Что бы ни говорили о старшем брате, хорош ли, плох он, а долг повелел Андрияну навестить Терентия в его шорной на берегу Сулака.

— Вот моя наука и техника, ремесло мое под старость, — сказал Терентий, обводя руками низкие саманные стены, увешанные дегтярной и еще не мазанной сбруей. — Живу… — уклончиво продолжал он, сняв фартук и подсаживаясь к брату на скамейку в тени вишни.

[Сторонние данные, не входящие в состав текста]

(* Let $N\ge 2$, $p\ge 2$, $0<r_0<R_0\le\infty$, $\Omega=B]r_0,R_0[$, and let $V\in C(\Omega)$ satisfy either $V>0$ in $\Omega$ or $V\equiv 0$. Let $u$ be a positive radial strictly monotone $C^2$-subsolution and $v$ a positive radial strictly monotone $C^2$-supersolution of $-\Delta_p w-V|w|^{p-2}w=0$ in $\Omega$. Then at least one of the following holds: (i) $(u/v)'(r)\le 0$ for all $r\in[r_0,R_0[$; (ii) there exists $\rho^*\in[r_0,R_0[$ such that $(u/v)'(r)\ge 0$ for all $r\in[\rho^*,R_0[$.
   Context: $\Delta_p w=\nabla\cdot(|\nabla w|^{p-2}\nabla w)$. $B]r_0,R_0[=\{x\in\mathbb{R}^N: r_0<|x|<R_0\}$, $B[r_0,R_0[=\{x: r_0\le|x|<R_0\}$. A $C^2$-subsolution (resp. supersolution) in $\Omega$ is $w\in C^2(B[r_0,R_0[)$ with $-\Delta_p w-V|w|^{p-2}w\le 0$ (resp. $\ge0$) pointwise in $\Omega$. Radial functions $w(x)=\phi(|x|)$ are identified with $\phi$ and $'$ denotes derivative in $r=|x|$; strictly monotone means $w'>0$ on $[r_0,R_0[$ or $w'<0$ on $[r_0,R_0[$. *)

theory Defs
  imports "HOL-Analysis.Analysis"
begin

definition grad :: "('a::euclidean_space \<Rightarrow> real) \<Rightarrow> 'a \<Rightarrow> 'a" where
  "grad w x = (\<Sum>i\<in>Basis. frechet_derivative w (at x) i *\<^sub>R i)"

definition divergence :: "('a::euclidean_space \<Rightarrow> 'a) \<Rightarrow> 'a \<Rightarrow> real" where
  "divergence F x = (\<Sum>i\<in>Basis. frechet_derivative F (at x) i \<bullet> i)"

definition rpow :: "real \<Rightarrow> real \<Rightarrow> real" where
  "rpow t a = (if a = 0 then 1 else t powr a)"

definition plap :: "real \<Rightarrow> ('a::euclidean_space \<Rightarrow> real) \<Rightarrow> 'a \<Rightarrow> real" where
  "plap p w = divergence (\<lambda>y. rpow (norm (grad w y)) (p - 2) *\<^sub>R grad w y)"

definition C2_on :: "'a::euclidean_space set \<Rightarrow> ('a \<Rightarrow> real) \<Rightarrow> bool" where
  "C2_on U w \<longleftrightarrow> open U \<and>
     (\<forall>x\<in>U. w differentiable (at x)) \<and> continuous_on U (grad w) \<and>
     (\<forall>x\<in>U. grad w differentiable (at x)) \<and>
     (\<forall>i\<in>Basis. continuous_on U (\<lambda>x. frechet_derivative (grad w) (at x) i))"

definition annulus_oo :: "real \<Rightarrow> ereal \<Rightarrow> 'a::euclidean_space set" where
  "annulus_oo r0 R0 = {x. r0 < norm x \<and> ereal (norm x) < R0}"

definition annulus_co :: "real \<Rightarrow> ereal \<Rightarrow> 'a::euclidean_space set" where
  "annulus_co r0 R0 = {x. r0 \<le> norm x \<and> ereal (norm x) < R0}"

definition C2_annulus :: "real \<Rightarrow> ereal \<Rightarrow> ('a::euclidean_space \<Rightarrow> real) \<Rightarrow> bool" where
  "C2_annulus r0 R0 w \<longleftrightarrow> (\<exists>U. annulus_co r0 R0 \<subseteq> U \<and> C2_on U w)"

end

theory Submission
  imports Defs
begin

(* Write a = phi'/phi and b = psi'/psi for the radial profiles, so that (phi/psi)' has the sign of
   a - b. For radial w = phi(r) one has Delta_p w = r^(1-N) (r^(N-1) J(phi'))' with J(t) = |t|^(p-2) t
   (signed_pow below), hence Q_phi = r^(N-1) J(phi')/phi^(p-1) = r^(N-1) J(a) satisfies
   Q_phi' = r^(N-1) (Delta_p w / phi^(p-1) - (p-1) |a|^p).
   In D = Q_phi - Q_psi the potential cancels, and the sub/supersolution inequalities give
   D' >= (p-1) r^(N-1) (|b|^p - |a|^p), which is nonnegative where |a| < |b|. As sgn D = sgn (a - b)
   and a, b have constant signs, the set {a < b} is closed to the left when phi and psi both increase,
   and {a > b} is closed to the right when both decrease; the mixed cases are immediate. *)

definition signed_pow :: "real \<Rightarrow> real \<Rightarrow> real" where
  "signed_pow p t = sgn t * \<bar>t\<bar> powr (p - 1)"

lemma signed_pow_eq_mult_abs_powr: "signed_pow p t = t * \<bar>t\<bar> powr (p - 2)"
proof (cases "t = 0")
  case False
  then have "\<bar>t\<bar> powr (p - 1) = \<bar>t\<bar> * \<bar>t\<bar> powr (p - 2)"
    by (simp add: powr_diff field_simps power2_eq_square)
  then show ?thesis by (simp add: signed_pow_def mult.assoc[symmetric] sgn_mult_abs)
qed (simp add: signed_pow_def)

lemma rpow_abs_mult_eq_signed_pow: "rpow \<bar>t\<bar> (p - 2) * t = signed_pow p t"
  by (cases "t = 0") (simp_all add: rpow_def signed_pow_eq_mult_abs_powr)

lemma signed_pow_mult_self: "signed_pow p t * t = \<bar>t\<bar> powr p"
proof (cases "t = 0")
  case False
  have "\<bar>t\<bar> powr p = \<bar>t\<bar> powr (p - 1) * \<bar>t\<bar>"
    using False by (simp add: powr_diff)
  then show ?thesis by (simp add: signed_pow_def abs_sgn mult.commute mult.left_commute)
qed (simp add: signed_pow_def)

lemma signed_pow_divide_pos: "c > 0 \<Longrightarrow> signed_pow p (t / c) = signed_pow p t / c powr (p - 1)"
  by (simp add: signed_pow_def powr_divide)

lemma signed_pow_pos: "t > 0 \<Longrightarrow> signed_pow p t = t powr (p - 1)"
  by (simp add: signed_pow_def)

lemma signed_pow_strict_mono:
  assumes "p > 1" shows "strict_mono (signed_pow p)"
proof (rule strict_monoI)
  have odd: "signed_pow p (- t) = - signed_pow p t" for t
    by (simp add: signed_pow_def)
  have pos_mono: "signed_pow p x < signed_pow p y" if "0 \<le> x" "x < y" for x y
    using that assms by (cases "x = 0") (simp_all add: signed_pow_def powr_less_mono2)
  fix x y :: real assume "x < y"
  then consider "0 \<le> x" | "x < 0" "0 \<le> y" | "y < 0" by linarith
  then show "signed_pow p x < signed_pow p y"
  proof cases
    case 2
    then have "signed_pow p x < 0" "0 \<le> signed_pow p y"
      by (simp_all add: signed_pow_def sgn_if)
    then show ?thesis by linarith
  qed (use pos_mono[of x y] pos_mono[of "- y" "- x"] odd \<open>x < y\<close> in auto)
qed

lemma sgn_signed_pow_diff:
  assumes "p > 1" shows "sgn (signed_pow p x - signed_pow p y) = sgn (x - y)"
  using strict_mono_less[OF signed_pow_strict_mono[OF assms], of x y]
        strict_mono_less[OF signed_pow_strict_mono[OF assms], of y x]
  by (cases x y rule: linorder_cases) (simp_all add: sgn_if)

lemma has_real_derivative_signed_pow:
  assumes "t \<noteq> 0"
  shows "(signed_pow p has_real_derivative (p - 1) * \<bar>t\<bar> powr (p - 2)) (at t)"
proof -
  have sgn_t: "sgn t * t = \<bar>t\<bar>" "sgn t * sgn t = 1"
    using assms by (simp_all add: sgn_mult_abs sgn_if)
  have deriv: "((\<lambda>s. sgn t * (sgn t * s) powr (p - 1)) has_real_derivative (p - 1) * \<bar>t\<bar> powr (p - 2)) (at t)"
    using assms sgn_t by (auto intro!: derivative_eq_intros simp: algebra_simps)
  have eq: "signed_pow p s = sgn t * (sgn t * s) powr (p - 1)" if "0 < sgn t * s" for s
    using that by (auto simp: signed_pow_def sgn_if split: if_splits)
  have "open {s. 0 < sgn t * s}"
    by (intro open_Collect_less continuous_intros)
  then show ?thesis
    by (rule has_field_derivative_transform_within_open[OF deriv]) (use assms sgn_t eq in auto)
qed

lemma has_real_derivative_flux_quotient:
  fixes f f1 :: "real \<Rightarrow> real" and m :: nat
  assumes f: "(f has_real_derivative f1 r) (at r)" and f1: "(f1 has_real_derivative f2) (at r)"
    and pos: "f r > 0" and nz: "f1 r \<noteq> 0" "r \<noteq> 0"
  shows "((\<lambda>s. s ^ m * signed_pow p (f1 s / f s)) has_real_derivative
      r ^ m * (((p - 1) * \<bar>f1 r\<bar> powr (p - 2) * f2 + m * signed_pow p (f1 r) / r) / f r powr (p - 1)
               - (p - 1) * \<bar>f1 r / f r\<bar> powr p)) (at r)"
proof -
  define a where "a = f1 r / f r"
  have "(signed_pow p has_real_derivative (p - 1) * \<bar>a\<bar> powr (p - 2)) (at (f1 r / f r))"
    using has_real_derivative_signed_pow[of a p] pos nz by (simp add: a_def)
  moreover have "((\<lambda>s. f1 s / f s) has_real_derivative f2 / f r - a\<^sup>2) (at r)"
    using DERIV_divide[OF f1 f] pos by (simp add: a_def field_simps power2_eq_square)
  ultimately have "((\<lambda>s. signed_pow p (f1 s / f s)) has_real_derivative
      (p - 1) * \<bar>a\<bar> powr (p - 2) * (f2 / f r - a\<^sup>2)) (at r)"
    by (rule DERIV_chain2)
  from DERIV_mult[OF DERIV_pow[of m r] this]
  have deriv: "((\<lambda>s. s ^ m * signed_pow p (f1 s / f s)) has_real_derivative
      m * r ^ (m - 1) * signed_pow p a + r ^ m * ((p - 1) * \<bar>a\<bar> powr (p - 2) * (f2 / f r - a\<^sup>2))) (at r)"
    by (simp add: a_def mult.commute)
  have G: "signed_pow p a = signed_pow p (f1 r) / f r powr (p - 1)"
    using pos by (simp add: a_def signed_pow_divide_pos)
  have P: "\<bar>a\<bar> powr (p - 2) * (f2 / f r) = \<bar>f1 r\<bar> powr (p - 2) * f2 / f r powr (p - 1)"
  proof -
    have "f r powr (p - 1) = f r powr (p - 2) * f r"
      using pos powr_add[of "f r" "p - 2" 1] by simp
    then show ?thesis using pos by (simp add: a_def powr_divide)
  qed
  have Q: "\<bar>a\<bar> powr (p - 2) * a\<^sup>2 = \<bar>a\<bar> powr p"
    using signed_pow_mult_self[of p a] by (simp add: signed_pow_eq_mult_abs_powr power2_eq_square ac_simps)
  have "m * r ^ (m - 1) = r ^ m * (m / r)"
    using nz by (cases m) simp_all
  then have "m * r ^ (m - 1) * signed_pow p a + r ^ m * ((p - 1) * \<bar>a\<bar> powr (p - 2) * (f2 / f r - a\<^sup>2))
      = r ^ m * (m / r * signed_pow p a + (p - 1) * (\<bar>a\<bar> powr (p - 2) * (f2 / f r))
                 - (p - 1) * (\<bar>a\<bar> powr (p - 2) * a\<^sup>2))"
    by (simp add: algebra_simps diff_divide_distrib)
  also have "\<dots> = r ^ m * (((p - 1) * \<bar>f1 r\<bar> powr (p - 2) * f2 + m * signed_pow p (f1 r) / r) / f r powr (p - 1)
                 - (p - 1) * \<bar>a\<bar> powr p)"
    unfolding G P Q by (simp add: add_divide_distrib)
  finally have eq: "m * r ^ (m - 1) * signed_pow p a
      + r ^ m * ((p - 1) * \<bar>a\<bar> powr (p - 2) * (f2 / f r - a\<^sup>2)) = \<dots>" .
  show ?thesis
    using deriv unfolding eq unfolding a_def .
qed

lemma has_derivative_radial:
  fixes y :: "'a::euclidean_space"
  assumes "y \<noteq> 0" "(f has_real_derivative f1) (at (norm y))"
  shows "((\<lambda>x. f (norm x)) has_derivative (\<lambda>h. f1 * (h \<bullet> sgn y))) (at y)"
  using has_derivative_compose[OF has_derivative_norm[OF assms(1)] assms(2)[unfolded has_field_derivative_def]]
  by (simp add: o_def)

lemma grad_radial:
  fixes y :: "'a::euclidean_space"
  assumes "y \<noteq> 0" "(f has_real_derivative f1) (at (norm y))"
  shows "grad (\<lambda>x. f (norm x)) y = f1 *\<^sub>R sgn y"
proof -
  have "frechet_derivative (\<lambda>x. f (norm x)) (at y) = (\<lambda>h. f1 * (h \<bullet> sgn y))"
    using frechet_derivative_at[OF has_derivative_radial[OF assms]] by simp
  then have "grad (\<lambda>x. f (norm x)) y = (\<Sum>i\<in>Basis. (f1 * (i \<bullet> sgn y)) *\<^sub>R i)"
    by (simp add: grad_def)
  also have "\<dots> = f1 *\<^sub>R (\<Sum>i\<in>Basis. (sgn y \<bullet> i) *\<^sub>R i)"
    by (simp add: scaleR_sum_right inner_commute)
  also have "\<dots> = f1 *\<^sub>R sgn y" by (simp add: euclidean_representation)
  finally show ?thesis .
qed

lemma divergence_radial:
  fixes y :: "'a::euclidean_space" and F :: "'a \<Rightarrow> 'a"
  assumes y: "y \<noteq> 0" and H: "(H has_real_derivative H1) (at (norm y))"
    and S: "open S" "y \<in> S" and F: "\<And>z. z \<in> S \<Longrightarrow> F z = (H (norm z) / norm z) *\<^sub>R z"
  shows "divergence F y = H1 + real (DIM('a) - 1) * H (norm y) / norm y"
proof -
  define r where "r = norm y"
  have r: "r > 0" using y by (simp add: r_def)
  define k1 where "k1 = (H1 * r - H r) / r^2"
  have "((\<lambda>t. H t / t) has_real_derivative k1) (at (norm y))"
    using H r unfolding r_def k1_def
    by (auto intro!: derivative_eq_intros simp: power2_eq_square field_simps)
  from has_derivative_scaleR[OF has_derivative_radial[OF y this] has_derivative_ident]
  have "((\<lambda>z. (H (norm z) / norm z) *\<^sub>R z) has_derivative
     (\<lambda>h. (H r / r) *\<^sub>R h + (k1 * (h \<bullet> sgn y)) *\<^sub>R y)) (at y)"
    unfolding r_def by simp
  then have "(F has_derivative (\<lambda>h. (H r / r) *\<^sub>R h + (k1 * (h \<bullet> sgn y)) *\<^sub>R y)) (at y)"
    by (rule has_derivative_transform_within_open[OF _ S]) (simp add: F)
  then have "divergence F y = (\<Sum>i\<in>Basis. ((H r / r) *\<^sub>R i + (k1 * (i \<bullet> sgn y)) *\<^sub>R y) \<bullet> i)"
    by (simp add: divergence_def frechet_derivative_at[symmetric])
  also have "\<dots> = (\<Sum>i\<in>Basis. H r / r + k1 * ((sgn y \<bullet> i) * (y \<bullet> i)))"
    by (intro sum.cong refl) (simp add: inner_add_right inner_commute)
  also have "\<dots> = real DIM('a) * (H r / r) + k1 * (sgn y \<bullet> y)"
    by (simp add: sum.distrib sum_distrib_left euclidean_inner[of "sgn y" y])
  also have "sgn y \<bullet> y = r"
    using y by (simp add: sgn_div_norm r_def dot_square_norm power2_eq_square)
  also have "k1 * r = H1 - H r / r" using r by (simp add: k1_def field_simps power2_eq_square)
  finally show ?thesis
    unfolding r_def[symmetric] by (simp add: of_nat_diff algebra_simps diff_divide_distrib)
qed

lemma plap_radial:
  fixes y :: "'a::euclidean_space" and f f1 :: "real \<Rightarrow> real"
  assumes S: "open S" "y \<in> S" "0 \<notin> S"
    and f: "\<And>z. z \<in> S \<Longrightarrow> (f has_real_derivative f1 (norm z)) (at (norm z))"
    and f1: "(f1 has_real_derivative f2) (at (norm y))" and nz: "f1 (norm y) \<noteq> 0"
  shows "plap p (\<lambda>x. f (norm x)) y = (p - 1) * \<bar>f1 (norm y)\<bar> powr (p - 2) * f2
           + real (DIM('a) - 1) * signed_pow p (f1 (norm y)) / norm y"
proof -
  have flux: "rpow (norm (grad (\<lambda>x. f (norm x)) z)) (p - 2) *\<^sub>R grad (\<lambda>x. f (norm x)) z
      = (signed_pow p (f1 (norm z)) / norm z) *\<^sub>R z" if "z \<in> S" for z
  proof -
    have "z \<noteq> 0" using that S by auto
    then have g: "grad (\<lambda>x. f (norm x)) z = f1 (norm z) *\<^sub>R sgn z"
      using grad_radial f[OF that] by blast
    then have "norm (grad (\<lambda>x. f (norm x)) z) = \<bar>f1 (norm z)\<bar>"
      using \<open>z \<noteq> 0\<close> by (simp add: norm_sgn)
    then show ?thesis
      using g rpow_abs_mult_eq_signed_pow[of "f1 (norm z)" p]
      by (simp add: sgn_div_norm divide_inverse)
  qed
  have "((\<lambda>t. signed_pow p (f1 t)) has_real_derivative (p - 1) * \<bar>f1 (norm y)\<bar> powr (p - 2) * f2) (at (norm y))"
    using DERIV_chain2[OF has_real_derivative_signed_pow[OF nz] f1] by (simp add: mult.assoc)
  moreover have "y \<noteq> 0" using S by auto
  ultimately show ?thesis
    unfolding plap_def by (intro divergence_radial[OF _ _ S(1,2)]) (simp_all add: flux)
qed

Грустное и сладкое вызрело в сердце Андрияна желание выманить брата из его отговорчивости на открытое поле, чтоб вешним ветром распахнуло душу до самых детских глубин. Но давно утерянные вместе с юностью позывные не приходили на память. Трезвая обжилась в голове мысль: «Да и нужно ли мчаться в луга детства? Не успеешь разыграться, как желтым суглинком ляжет под ноги развилок и навсегда разведет-разлучит нас. Кричи не кричи — не донесет ветер голоса».

Брат по привычке скучно ворошил давно перегоревшее в нем, да и не столь уж важное для него самого. Воля, мол, не всем полезна. Вон Елисей Кулаткин взял в свое время полную волю, в один день оставил без молока детей, внуков, своих в том числе: извел частных коров. Терентию-то какое дело — одинок ведь. А то разрешил престарелым бабам обзавестись ишаками, ну там дровишки, сенца козе, глины привезти. Татарин-старик, известно, работает, пока не успокоят его могильным камнем. Разрешил, а потом велел уничтожить, чтобы через эту животину не лился яд в сознание, а то, чего доброго, за кривые сабли схватятся — и вспыхнет на солнце зеленое знамя газавата. Куда девать ишаков? На махан не годятся, волки не режут: пахнут невкусно…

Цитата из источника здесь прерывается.